Vem de Sampa as análises mais equivocadas por parte dos “especialistas” citados na Introdução. Isto porque a fotografia das audiências mostra um Corinthians, com 22,3 pontos médios, abaixo do Palmeiras (22,4). Um tanto óbvio, se levarmos em conta que dois dos cinco jogos do Verdão (altíssimos 40%) foram clássicos justamente diante do Corinthians! O mesmo ocorre com o Santos, alinhado ao Corinthians em 45% de share*. Das três partidas do Peixe em TV, duas (66%) foram clássicos – respectivamente contra Corinthians e São Paulo. Ora, para equipes com tão poucas transmissões, o alto percentual de clássicos gera um viés absolutamente irreal. É como se Palmeiras e Santos só aparecessem na TV para confrontarem Corinthians e São Paulo.
* O levantamento não contempla o share de três jogos do Corinthians, dois do Palmeiras e um do São Paulo.
Diante deste cenário, soaria apropriado comparar apenas Corinthians e São Paulo, dado o grande número de partidas e a diluição das “causas perturbadoras”. No entanto, veremos que até aí existem distorções.
Aparenta equilíbrio.  A audiência foi de 22,3 pontos a favor do Corinthians, contra 21,7 do São Paulo. A Fiel amealhou 45% de participação, frente a 42% dos tricolores. Mas um olhar acurado demonstra que o Tricolor foi premiado com transmissões em dia nobre: nada menos que 47% de seus jogos na TV foram às quartas, contra míseros 11% do Corinthians e nenhum (!) de Palmeiras ou Santos. Concentração injustificável em claro benefício ao clube do Morumbi. Em tempo: SPFC, Corinthians e Palmeiras jogaram uma vez aos sábados.

Embora 2014 tenha sido um ano atípico pela ausência de paulistas na Libertadores, viu-se nas outras Copas (do Brasil e Sul Americana) mais do mesmo. Pouco Palmeiras (dois jogos) e Santos (três), muito Corinthians e São Paulo (oito). O Palmeiras com audiências em baixa (16,5) e o Santos melhor por ter jogado duas semifinais da Copa do Brasil (18,7 pontos médios). Por fim, novamente o São Paulo em algum equilíbrio diante do Corinthians (18,6 a 19,7 em pontos). Aliás, se há um quesito que escancara o desânimo paulista, é o share: todos abaixo de 40%*. O pior foi o Palmeiras, com 31%. O melhor, adivinhem? Corinthians, 37%.
* O levantamento não contempla o share de um jogo do São Paulo e um do Corinthians.
CONCLUSÃO
A verdade é uma só: se excluirmos distorções de diferentes naturezas, Flamengo e Corinthians nadam de braçada no tocante às audiências.

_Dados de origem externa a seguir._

lemma krein_formula:
  assumes z: "z \<in> resolvent_set (A0 T \<Gamma>0)" and B1: "linop B1" and B2: "linop B2"
  shows
   "z \<notin> point_spectrum (ext_op T \<Gamma>0 \<Gamma>1 B1 B2) \<longrightarrow>
      (\<forall>f. f \<in> Domain (adj (gamma_field Tt \<Gamma>t0 (cnj z)) O B2) \<and>
           f \<in> Domain (adj (gamma_field Tt \<Gamma>t0 (cnj z)) O B2
                   O converse (id_minus (B1 O weyl T \<Gamma>0 \<Gamma>1 z O B2))) \<longrightarrow>
         f \<in> Range (shift (ext_op T \<Gamma>0 \<Gamma>1 B1 B2) z) \<and>
         opapp (converse (shift (ext_op T \<Gamma>0 \<Gamma>1 B1 B2) z)) f =
         opapp (opsum (converse (shift (A0 T \<Gamma>0) z))
                      (adj (gamma_field Tt \<Gamma>t0 (cnj z)) O B2
                        O converse (id_minus (B1 O weyl T \<Gamma>0 \<Gamma>1 z O B2))
                        O B1 O gamma_field T \<Gamma>0 z)) f) \<and>
      ((\<forall>f. f \<in> Domain (adj (gamma_field Tt \<Gamma>t0 (cnj z)) O B2) \<and>
           f \<in> Domain (adj (gamma_field Tt \<Gamma>t0 (cnj z)) O B2
                   O converse (id_minus (B1 O weyl T \<Gamma>0 \<Gamma>1 z O B2)))) \<longrightarrow>
         bij_betw (opapp (shift (ext_op T \<Gamma>0 \<Gamma>1 B1 B2) z))
                  (Domain (ext_op T \<Gamma>0 \<Gamma>1 B1 B2)) UNIV)"
    (is "_ \<longrightarrow> (\<forall>f. ?dom f \<longrightarrow> ?resolvent f) \<and> ((\<forall>f. ?dom f) \<longrightarrow> ?bij)")
proof
  define E where "E = ext_op T \<Gamma>0 \<Gamma>1 B1 B2"
  define R where "R = converse (shift (A0 T \<Gamma>0) z)"
  define Q where "Q = adj (gamma_field Tt \<Gamma>t0 (cnj z)) O B2
      O converse (id_minus (B1 O weyl T \<Gamma>0 \<Gamma>1 z O B2)) O B1 O gamma_field T \<Gamma>0 z"
  assume nps: "z \<notin> point_spectrum (ext_op T \<Gamma>0 \<Gamma>1 B1 B2)"
  have B1L: "linrel B1" and B2L: "linrel B2" using B1 B2 by (simp_all add: linop_linrel)
  have "linrel E"
    unfolding E_def by (rule linrel_ext_op[OF linrel_T linear_\<Gamma>0 linear_\<Gamma>1 B1L B2L])
  then have sv_E: "single_valued (converse (shift E z))"
    using nps unfolding E_def by (rule single_valued_converse_shift)
  have sv_RQ: "single_valued (opsum R Q)"
    unfolding R_def Q_def by (rule single_valued_krein_term[OF z B1 B2 nps])
  have solve: "\<exists>x. (f, x) \<in> converse (shift E z) \<and> (f, x) \<in> opsum R Q" if dom: "?dom f" for f
  proof -
    obtain k u where "(f, k) \<in> R" "(f, u) \<in> Q" "(k + u, f) \<in> shift E z"
      using krein_solution[OF z B1L B2L conjunct2[OF dom]] unfolding E_def R_def Q_def .
    then show ?thesis unfolding opsum_iff by blast
  qed
  have resolvent: "f \<in> Range (shift E z) \<and> opapp (converse (shift E z)) f = opapp (opsum R Q) f"
    if dom: "?dom f" for f
  proof -
    obtain x where "(f, x) \<in> converse (shift E z)" "(f, x) \<in> opsum R Q" using solve[OF dom] by blast
    then show ?thesis
      using opapp_single_valued[OF sv_E] opapp_single_valued[OF sv_RQ] by blast
  qed
  have bij: "bij_betw (opapp (shift E z)) (Domain E) UNIV" if all: "\<forall>f. ?dom f"
  proof -
    have "E \<subseteq> T" by (auto simp: E_def ext_op_def)
    then have "single_valued (shift E z)"
      using single_valued_subset linop_single_valued[OF linop_T] single_valued_shift by blast
    moreover have "Range (shift E z) = UNIV" using solve all by blast
    ultimately show ?thesis
      using bij_betw_opapp[OF _ sv_E] by (simp add: Domain_shift)
  qed
  show "(\<forall>f. ?dom f \<longrightarrow> ?resolvent f) \<and> ((\<forall>f. ?dom f) \<longrightarrow> ?bij)"
    unfolding E_def[symmetric] Q_def[symmetric] R_def[symmetric]
    using resolvent bij by blast
qed

end

lemma triple_GDM_green_pair:
  assumes "triple_GDM S St T Tt \<Gamma>0 \<Gamma>1 \<Gamma>t0 \<Gamma>t1"
  shows "green_pair T Tt \<Gamma>0 \<Gamma>1 \<Gamma>t0 \<Gamma>t1" and "green_pair Tt T \<Gamma>t0 \<Gamma>t1 \<Gamma>0 \<Gamma>1"
proof -
  have T: "linop T" "linop Tt"
    and green: "\<And>f k g l. (f, k) \<in> T \<Longrightarrow> (g, l) \<in> Tt \<Longrightarrow>
      cinner k g - cinner f l = cinner (\<Gamma>1 f) (\<Gamma>t0 g) - cinner (\<Gamma>0 f) (\<Gamma>t1 g)"
    using assms unfolding triple_GDM_def is_core_of_adj_def by blast+
  show "green_pair T Tt \<Gamma>0 \<Gamma>1 \<Gamma>t0 \<Gamma>t1"
    using assms T unfolding triple_GDM_def green_pair_def by (simp add: linop_linrel)
  \<comment> \<open>Green's identity for the exchanged roles is the negated complex conjugate of (G).\<close>
  have "cinner l f - cinner g k = cinner (\<Gamma>t1 g) (\<Gamma>0 f) - cinner (\<Gamma>t0 g) (\<Gamma>1 f)"
    if "(g, l) \<in> Tt" "(f, k) \<in> T" for f k g l
    using arg_cong[OF green[OF that(2,1)], of "\<lambda>w. - cnj w"] by (simp add: cinner_cnj)
  then show "green_pair Tt T \<Gamma>t0 \<Gamma>t1 \<Gamma>0 \<Gamma>1"
    using assms T unfolding triple_GDM_def green_pair_def by (simp add: linop_linrel)
qed

theorem theorem4p4:
  fixes S St T Tt :: "('h::chilbert_space \<times> 'h) set"
    and \<Gamma>0 \<Gamma>1 \<Gamma>t0 \<Gamma>t1 :: "'h \<Rightarrow> 'g::chilbert_space"
    and B1 B2 Bt1 Bt2 :: "('g \<times> 'g) set"
    and z \<mu> :: complex
  assumes sep: "separable_space TYPE('h)"
    and triple: "triple_GDM S St T Tt \<Gamma>0 \<Gamma>1 \<Gamma>t0 \<Gamma>t1"
    and rho_ne: "resolvent_set (A0 T \<Gamma>0) \<noteq> {}"
    and B: "linop B1" "linop B2" "linop Bt1" "linop Bt2"
    and lam: "z \<in> resolvent_set (A0 T \<Gamma>0)"
    and mu: "\<mu> \<in> resolvent_set (A0 Tt \<Gamma>t0)"
  shows
   "(z \<notin> point_spectrum (ext_op T \<Gamma>0 \<Gamma>1 B1 B2) \<longrightarrow>
      (\<forall>f. f \<in> Domain (adj (gamma_field Tt \<Gamma>t0 (cnj z)) O B2) \<and>
           f \<in> Domain (adj (gamma_field Tt \<Gamma>t0 (cnj z)) O B2
                   O converse (id_minus (B1 O weyl T \<Gamma>0 \<Gamma>1 z O B2))) \<longrightarrow>
         f \<in> Range (shift (ext_op T \<Gamma>0 \<Gamma>1 B1 B2) z) \<and>
         opapp (converse (shift (ext_op T \<Gamma>0 \<Gamma>1 B1 B2) z)) f =
         opapp (opsum (converse (shift (A0 T \<Gamma>0) z))
                      (adj (gamma_field Tt \<Gamma>t0 (cnj z)) O B2
                        O converse (id_minus (B1 O weyl T \<Gamma>0 \<Gamma>1 z O B2))
                        O B1 O gamma_field T \<Gamma>0 z)) f) \<and>
      ((\<forall>f. f \<in> Domain (adj (gamma_field Tt \<Gamma>t0 (cnj z)) O B2) \<and>
           f \<in> Domain (adj (gamma_field Tt \<Gamma>t0 (cnj z)) O B2
                   O converse (id_minus (B1 O weyl T \<Gamma>0 \<Gamma>1 z O B2)))) \<longrightarrow>
         bij_betw (opapp (shift (ext_op T \<Gamma>0 \<Gamma>1 B1 B2) z))
                  (Domain (ext_op T \<Gamma>0 \<Gamma>1 B1 B2)) UNIV)) \<and>
    (\<mu> \<notin> point_spectrum (ext_op Tt \<Gamma>t0 \<Gamma>t1 Bt1 Bt2) \<longrightarrow>
      (\<forall>g. g \<in> Domain (adj (gamma_field T \<Gamma>0 (cnj \<mu>)) O Bt2) \<and>
           g \<in> Domain (adj (gamma_field T \<Gamma>0 (cnj \<mu>)) O Bt2
                   O converse (id_minus (Bt1 O weyl Tt \<Gamma>t0 \<Gamma>t1 \<mu> O Bt2))) \<longrightarrow>
         g \<in> Range (shift (ext_op Tt \<Gamma>t0 \<Gamma>t1 Bt1 Bt2) \<mu>) \<and>
         opapp (converse (shift (ext_op Tt \<Gamma>t0 \<Gamma>t1 Bt1 Bt2) \<mu>)) g =
         opapp (opsum (converse (shift (A0 Tt \<Gamma>t0) \<mu>))
                      (adj (gamma_field T \<Gamma>0 (cnj \<mu>)) O Bt2
                        O converse (id_minus (Bt1 O weyl Tt \<Gamma>t0 \<Gamma>t1 \<mu> O Bt2))
                        O Bt1 O gamma_field Tt \<Gamma>t0 \<mu>)) g) \<and>
      ((\<forall>g. g \<in> Domain (adj (gamma_field T \<Gamma>0 (cnj \<mu>)) O Bt2) \<and>
           g \<in> Domain (adj (gamma_field T \<Gamma>0 (cnj \<mu>)) O Bt2
                   O converse (id_minus (Bt1 O weyl Tt \<Gamma>t0 \<Gamma>t1 \<mu> O Bt2)))) \<longrightarrow>
         bij_betw (opapp (shift (ext_op Tt \<Gamma>t0 \<Gamma>t1 Bt1 Bt2) \<mu>))
                  (Domain (ext_op Tt \<Gamma>t0 \<Gamma>t1 Bt1 Bt2)) UNIV))"
  using green_pair.krein_formula[OF triple_GDM_green_pair(1)[OF triple] lam B(1,2)]
    green_pair.krein_formula[OF triple_GDM_green_pair(2)[OF triple] mu B(3,4)]
  by blast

A primazia do Mengão no Rio é tão grande que independe das próprias “causas perturbadoras”. No lado oposto da Dutra, outros tentam (mas não conseguem) fazer frente ao Corinthians. Fla e Timão são carro-chefe em suas respectivas praças, muitas vezes insuflando números dos próprios rivais. Emissoras comerciais, como Globo ou Bandeirantes, viveriam enormes dificuldades se não lançassem mão deste trunfo.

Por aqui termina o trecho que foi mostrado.